* [Information shown]:
--- START ---

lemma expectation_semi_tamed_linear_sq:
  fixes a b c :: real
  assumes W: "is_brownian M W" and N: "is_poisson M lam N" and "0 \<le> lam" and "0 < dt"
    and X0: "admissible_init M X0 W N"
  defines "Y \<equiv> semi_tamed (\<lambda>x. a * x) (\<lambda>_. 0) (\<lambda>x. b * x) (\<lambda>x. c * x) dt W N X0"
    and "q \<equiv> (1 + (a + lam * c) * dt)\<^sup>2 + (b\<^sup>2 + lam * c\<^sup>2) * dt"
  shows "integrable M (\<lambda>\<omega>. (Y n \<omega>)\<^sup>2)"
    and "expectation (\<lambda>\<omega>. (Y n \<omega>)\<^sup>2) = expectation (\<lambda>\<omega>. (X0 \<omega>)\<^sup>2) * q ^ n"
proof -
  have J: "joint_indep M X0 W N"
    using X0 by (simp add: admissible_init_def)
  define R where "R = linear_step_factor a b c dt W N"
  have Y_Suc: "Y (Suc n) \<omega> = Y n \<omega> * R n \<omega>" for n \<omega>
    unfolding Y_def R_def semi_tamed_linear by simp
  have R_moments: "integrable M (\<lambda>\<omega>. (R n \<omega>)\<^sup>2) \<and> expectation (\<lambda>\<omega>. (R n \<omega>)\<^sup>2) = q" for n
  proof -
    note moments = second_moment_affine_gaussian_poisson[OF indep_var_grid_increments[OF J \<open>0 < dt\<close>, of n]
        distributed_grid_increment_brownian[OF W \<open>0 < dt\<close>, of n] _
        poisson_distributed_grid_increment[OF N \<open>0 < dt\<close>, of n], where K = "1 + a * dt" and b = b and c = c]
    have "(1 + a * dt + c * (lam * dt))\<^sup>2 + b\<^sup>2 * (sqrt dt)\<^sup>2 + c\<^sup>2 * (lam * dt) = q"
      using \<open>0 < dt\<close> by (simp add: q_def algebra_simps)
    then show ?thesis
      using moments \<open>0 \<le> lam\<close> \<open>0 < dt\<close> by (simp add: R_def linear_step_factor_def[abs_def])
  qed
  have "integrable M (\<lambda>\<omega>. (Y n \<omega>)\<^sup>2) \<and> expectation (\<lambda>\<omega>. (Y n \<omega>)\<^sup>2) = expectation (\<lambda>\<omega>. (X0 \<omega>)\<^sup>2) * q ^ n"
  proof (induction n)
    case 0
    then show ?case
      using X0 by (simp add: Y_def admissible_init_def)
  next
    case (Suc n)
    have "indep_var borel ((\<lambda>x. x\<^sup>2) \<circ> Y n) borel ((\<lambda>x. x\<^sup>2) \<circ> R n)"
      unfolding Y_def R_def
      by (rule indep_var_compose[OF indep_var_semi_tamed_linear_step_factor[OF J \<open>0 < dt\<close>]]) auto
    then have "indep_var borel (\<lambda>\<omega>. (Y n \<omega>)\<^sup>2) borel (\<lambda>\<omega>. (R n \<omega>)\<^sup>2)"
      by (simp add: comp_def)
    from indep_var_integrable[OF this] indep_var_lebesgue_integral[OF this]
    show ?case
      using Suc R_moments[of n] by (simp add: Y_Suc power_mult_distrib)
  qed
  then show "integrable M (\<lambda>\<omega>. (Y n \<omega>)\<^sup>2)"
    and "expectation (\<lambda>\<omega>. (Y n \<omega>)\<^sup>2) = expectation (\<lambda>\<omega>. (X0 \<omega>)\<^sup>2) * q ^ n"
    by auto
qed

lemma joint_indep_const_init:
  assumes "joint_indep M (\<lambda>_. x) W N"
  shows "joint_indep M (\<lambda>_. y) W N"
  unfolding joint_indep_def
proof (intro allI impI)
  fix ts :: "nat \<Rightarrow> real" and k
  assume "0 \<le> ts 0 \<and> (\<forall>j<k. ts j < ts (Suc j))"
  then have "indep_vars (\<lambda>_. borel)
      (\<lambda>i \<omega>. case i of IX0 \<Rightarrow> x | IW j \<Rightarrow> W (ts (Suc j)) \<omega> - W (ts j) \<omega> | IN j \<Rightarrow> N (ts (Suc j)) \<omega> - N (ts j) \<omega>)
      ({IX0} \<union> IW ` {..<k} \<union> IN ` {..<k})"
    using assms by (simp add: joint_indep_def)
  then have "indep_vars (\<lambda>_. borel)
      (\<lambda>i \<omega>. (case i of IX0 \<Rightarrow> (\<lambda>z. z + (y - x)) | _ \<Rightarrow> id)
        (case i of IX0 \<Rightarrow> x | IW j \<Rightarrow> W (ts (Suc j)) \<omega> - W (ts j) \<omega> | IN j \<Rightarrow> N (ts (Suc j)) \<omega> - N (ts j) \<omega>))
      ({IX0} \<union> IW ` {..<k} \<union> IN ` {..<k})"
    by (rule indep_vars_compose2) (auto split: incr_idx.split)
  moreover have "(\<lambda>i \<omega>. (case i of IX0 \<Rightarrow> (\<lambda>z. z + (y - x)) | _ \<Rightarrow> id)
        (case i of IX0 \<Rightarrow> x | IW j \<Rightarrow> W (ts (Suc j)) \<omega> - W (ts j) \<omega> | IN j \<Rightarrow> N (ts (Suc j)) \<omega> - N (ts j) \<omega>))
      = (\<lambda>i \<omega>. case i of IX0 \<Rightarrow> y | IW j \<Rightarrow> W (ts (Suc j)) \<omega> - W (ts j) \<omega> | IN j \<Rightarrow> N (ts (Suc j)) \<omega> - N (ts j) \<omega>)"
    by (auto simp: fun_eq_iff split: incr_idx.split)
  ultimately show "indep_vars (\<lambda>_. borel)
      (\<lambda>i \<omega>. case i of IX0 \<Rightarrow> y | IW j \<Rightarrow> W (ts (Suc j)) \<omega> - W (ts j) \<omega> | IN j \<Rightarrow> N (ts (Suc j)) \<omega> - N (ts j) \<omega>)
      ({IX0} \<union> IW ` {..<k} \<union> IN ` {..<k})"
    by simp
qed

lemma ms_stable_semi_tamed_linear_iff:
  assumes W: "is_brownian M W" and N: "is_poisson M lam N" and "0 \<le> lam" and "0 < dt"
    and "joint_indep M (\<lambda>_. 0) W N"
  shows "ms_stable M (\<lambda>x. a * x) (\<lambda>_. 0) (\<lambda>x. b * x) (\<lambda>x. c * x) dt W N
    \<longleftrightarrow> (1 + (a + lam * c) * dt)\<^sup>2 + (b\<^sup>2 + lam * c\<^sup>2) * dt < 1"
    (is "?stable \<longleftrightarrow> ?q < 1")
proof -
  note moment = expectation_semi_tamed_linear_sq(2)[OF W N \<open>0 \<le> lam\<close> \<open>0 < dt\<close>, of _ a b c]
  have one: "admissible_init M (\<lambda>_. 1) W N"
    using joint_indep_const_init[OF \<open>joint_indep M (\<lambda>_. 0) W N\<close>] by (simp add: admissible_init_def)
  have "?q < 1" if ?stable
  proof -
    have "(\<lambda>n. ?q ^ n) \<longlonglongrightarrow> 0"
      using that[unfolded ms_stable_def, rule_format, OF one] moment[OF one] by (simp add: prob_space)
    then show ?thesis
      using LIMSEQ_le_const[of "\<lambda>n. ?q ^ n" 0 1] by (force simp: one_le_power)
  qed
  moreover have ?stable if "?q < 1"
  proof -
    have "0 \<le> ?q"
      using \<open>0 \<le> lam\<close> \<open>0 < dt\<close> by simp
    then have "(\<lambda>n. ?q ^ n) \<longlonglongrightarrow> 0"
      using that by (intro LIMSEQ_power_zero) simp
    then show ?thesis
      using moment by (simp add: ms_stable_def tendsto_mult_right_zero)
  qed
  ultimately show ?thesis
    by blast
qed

--- END ---

Return the listing exactly as it was given to you, with every line intact.

lemma expectation_semi_tamed_linear_sq:
  fixes a b c :: real
  assumes W: "is_brownian M W" and N: "is_poisson M lam N" and "0 \<le> lam" and "0 < dt"
    and X0: "admissible_init M X0 W N"
  defines "Y \<equiv> semi_tamed (\<lambda>x. a * x) (\<lambda>_. 0) (\<lambda>x. b * x) (\<lambda>x. c * x) dt W N X0"
    and "q \<equiv> (1 + (a + lam * c) * dt)\<^sup>2 + (b\<^sup>2 + lam * c\<^sup>2) * dt"
  shows "integrable M (\<lambda>\<omega>. (Y n \<omega>)\<^sup>2)"
    and "expectation (\<lambda>\<omega>. (Y n \<omega>)\<^sup>2) = expectation (\<lambda>\<omega>. (X0 \<omega>)\<^sup>2) * q ^ n"
proof -
  have J: "joint_indep M X0 W N"
    using X0 by (simp add: admissible_init_def)
  define R where "R = linear_step_factor a b c dt W N"
  have Y_Suc: "Y (Suc n) \<omega> = Y n \<omega> * R n \<omega>" for n \<omega>
    unfolding Y_def R_def semi_tamed_linear by simp
  have R_moments: "integrable M (\<lambda>\<omega>. (R n \<omega>)\<^sup>2) \<and> expectation (\<lambda>\<omega>. (R n \<omega>)\<^sup>2) = q" for n
  proof -
    note moments = second_moment_affine_gaussian_poisson[OF indep_var_grid_increments[OF J \<open>0 < dt\<close>, of n]
        distributed_grid_increment_brownian[OF W \<open>0 < dt\<close>, of n] _
        poisson_distributed_grid_increment[OF N \<open>0 < dt\<close>, of n], where K = "1 + a * dt" and b = b and c = c]
    have "(1 + a * dt + c * (lam * dt))\<^sup>2 + b\<^sup>2 * (sqrt dt)\<^sup>2 + c\<^sup>2 * (lam * dt) = q"
      using \<open>0 < dt\<close> by (simp add: q_def algebra_simps)
    then show ?thesis
      using moments \<open>0 \<le> lam\<close> \<open>0 < dt\<close> by (simp add: R_def linear_step_factor_def[abs_def])
  qed
  have "integrable M (\<lambda>\<omega>. (Y n \<omega>)\<^sup>2) \<and> expectation (\<lambda>\<omega>. (Y n \<omega>)\<^sup>2) = expectation (\<lambda>\<omega>. (X0 \<omega>)\<^sup>2) * q ^ n"
  proof (induction n)
    case 0
    then show ?case
      using X0 by (simp add: Y_def admissible_init_def)
  next
    case (Suc n)
    have "indep_var borel ((\<lambda>x. x\<^sup>2) \<circ> Y n) borel ((\<lambda>x. x\<^sup>2) \<circ> R n)"
      unfolding Y_def R_def
      by (rule indep_var_compose[OF indep_var_semi_tamed_linear_step_factor[OF J \<open>0 < dt\<close>]]) auto
    then have "indep_var borel (\<lambda>\<omega>. (Y n \<omega>)\<^sup>2) borel (\<lambda>\<omega>. (R n \<omega>)\<^sup>2)"
      by (simp add: comp_def)
    from indep_var_integrable[OF this] indep_var_lebesgue_integral[OF this]
    show ?case
      using Suc R_moments[of n] by (simp add: Y_Suc power_mult_distrib)
  qed
  then show "integrable M (\<lambda>\<omega>. (Y n \<omega>)\<^sup>2)"
    and "expectation (\<lambda>\<omega>. (Y n \<omega>)\<^sup>2) = expectation (\<lambda>\<omega>. (X0 \<omega>)\<^sup>2) * q ^ n"
    by auto
qed

lemma joint_indep_const_init:
  assumes "joint_indep M (\<lambda>_. x) W N"
  shows "joint_indep M (\<lambda>_. y) W N"
  unfolding joint_indep_def
proof (intro allI impI)
  fix ts :: "nat \<Rightarrow> real" and k
  assume "0 \<le> ts 0 \<and> (\<forall>j<k. ts j < ts (Suc j))"
  then have "indep_vars (\<lambda>_. borel)
      (\<lambda>i \<omega>. case i of IX0 \<Rightarrow> x | IW j \<Rightarrow> W (ts (Suc j)) \<omega> - W (ts j) \<omega> | IN j \<Rightarrow> N (ts (Suc j)) \<omega> - N (ts j) \<omega>)
      ({IX0} \<union> IW ` {..<k} \<union> IN ` {..<k})"
    using assms by (simp add: joint_indep_def)
  then have "indep_vars (\<lambda>_. borel)
      (\<lambda>i \<omega>. (case i of IX0 \<Rightarrow> (\<lambda>z. z + (y - x)) | _ \<Rightarrow> id)
        (case i of IX0 \<Rightarrow> x | IW j \<Rightarrow> W (ts (Suc j)) \<omega> - W (ts j) \<omega> | IN j \<Rightarrow> N (ts (Suc j)) \<omega> - N (ts j) \<omega>))
      ({IX0} \<union> IW ` {..<k} \<union> IN ` {..<k})"
    by (rule indep_vars_compose2) (auto split: incr_idx.split)
  moreover have "(\<lambda>i \<omega>. (case i of IX0 \<Rightarrow> (\<lambda>z. z + (y - x)) | _ \<Rightarrow> id)
        (case i of IX0 \<Rightarrow> x | IW j \<Rightarrow> W (ts (Suc j)) \<omega> - W (ts j) \<omega> | IN j \<Rightarrow> N (ts (Suc j)) \<omega> - N (ts j) \<omega>))
      = (\<lambda>i \<omega>. case i of IX0 \<Rightarrow> y | IW j \<Rightarrow> W (ts (Suc j)) \<omega> - W (ts j) \<omega> | IN j \<Rightarrow> N (ts (Suc j)) \<omega> - N (ts j) \<omega>)"
    by (auto simp: fun_eq_iff split: incr_idx.split)
  ultimately show "indep_vars (\<lambda>_. borel)
      (\<lambda>i \<omega>. case i of IX0 \<Rightarrow> y | IW j \<Rightarrow> W (ts (Suc j)) \<omega> - W (ts j) \<omega> | IN j \<Rightarrow> N (ts (Suc j)) \<omega> - N (ts j) \<omega>)
      ({IX0} \<union> IW ` {..<k} \<union> IN ` {..<k})"
    by simp
qed

lemma ms_stable_semi_tamed_linear_iff:
  assumes W: "is_brownian M W" and N: "is_poisson M lam N" and "0 \<le> lam" and "0 < dt"
    and "joint_indep M (\<lambda>_. 0) W N"
  shows "ms_stable M (\<lambda>x. a * x) (\<lambda>_. 0) (\<lambda>x. b * x) (\<lambda>x. c * x) dt W N
    \<longleftrightarrow> (1 + (a + lam * c) * dt)\<^sup>2 + (b\<^sup>2 + lam * c\<^sup>2) * dt < 1"
    (is "?stable \<longleftrightarrow> ?q < 1")
proof -
  note moment = expectation_semi_tamed_linear_sq(2)[OF W N \<open>0 \<le> lam\<close> \<open>0 < dt\<close>, of _ a b c]
  have one: "admissible_init M (\<lambda>_. 1) W N"
    using joint_indep_const_init[OF \<open>joint_indep M (\<lambda>_. 0) W N\<close>] by (simp add: admissible_init_def)
  have "?q < 1" if ?stable
  proof -
    have "(\<lambda>n. ?q ^ n) \<longlonglongrightarrow> 0"
      using that[unfolded ms_stable_def, rule_format, OF one] moment[OF one] by (simp add: prob_space)
    then show ?thesis
      using LIMSEQ_le_const[of "\<lambda>n. ?q ^ n" 0 1] by (force simp: one_le_power)
  qed
  moreover have ?stable if "?q < 1"
  proof -
    have "0 \<le> ?q"
      using \<open>0 \<le> lam\<close> \<open>0 < dt\<close> by simp
    then have "(\<lambda>n. ?q ^ n) \<longlonglongrightarrow> 0"
      using that by (intro LIMSEQ_power_zero) simp
    then show ?thesis
      using moment by (simp add: ms_stable_def tendsto_mult_right_zero)
  qed
  ultimately show ?thesis
    by blast
qed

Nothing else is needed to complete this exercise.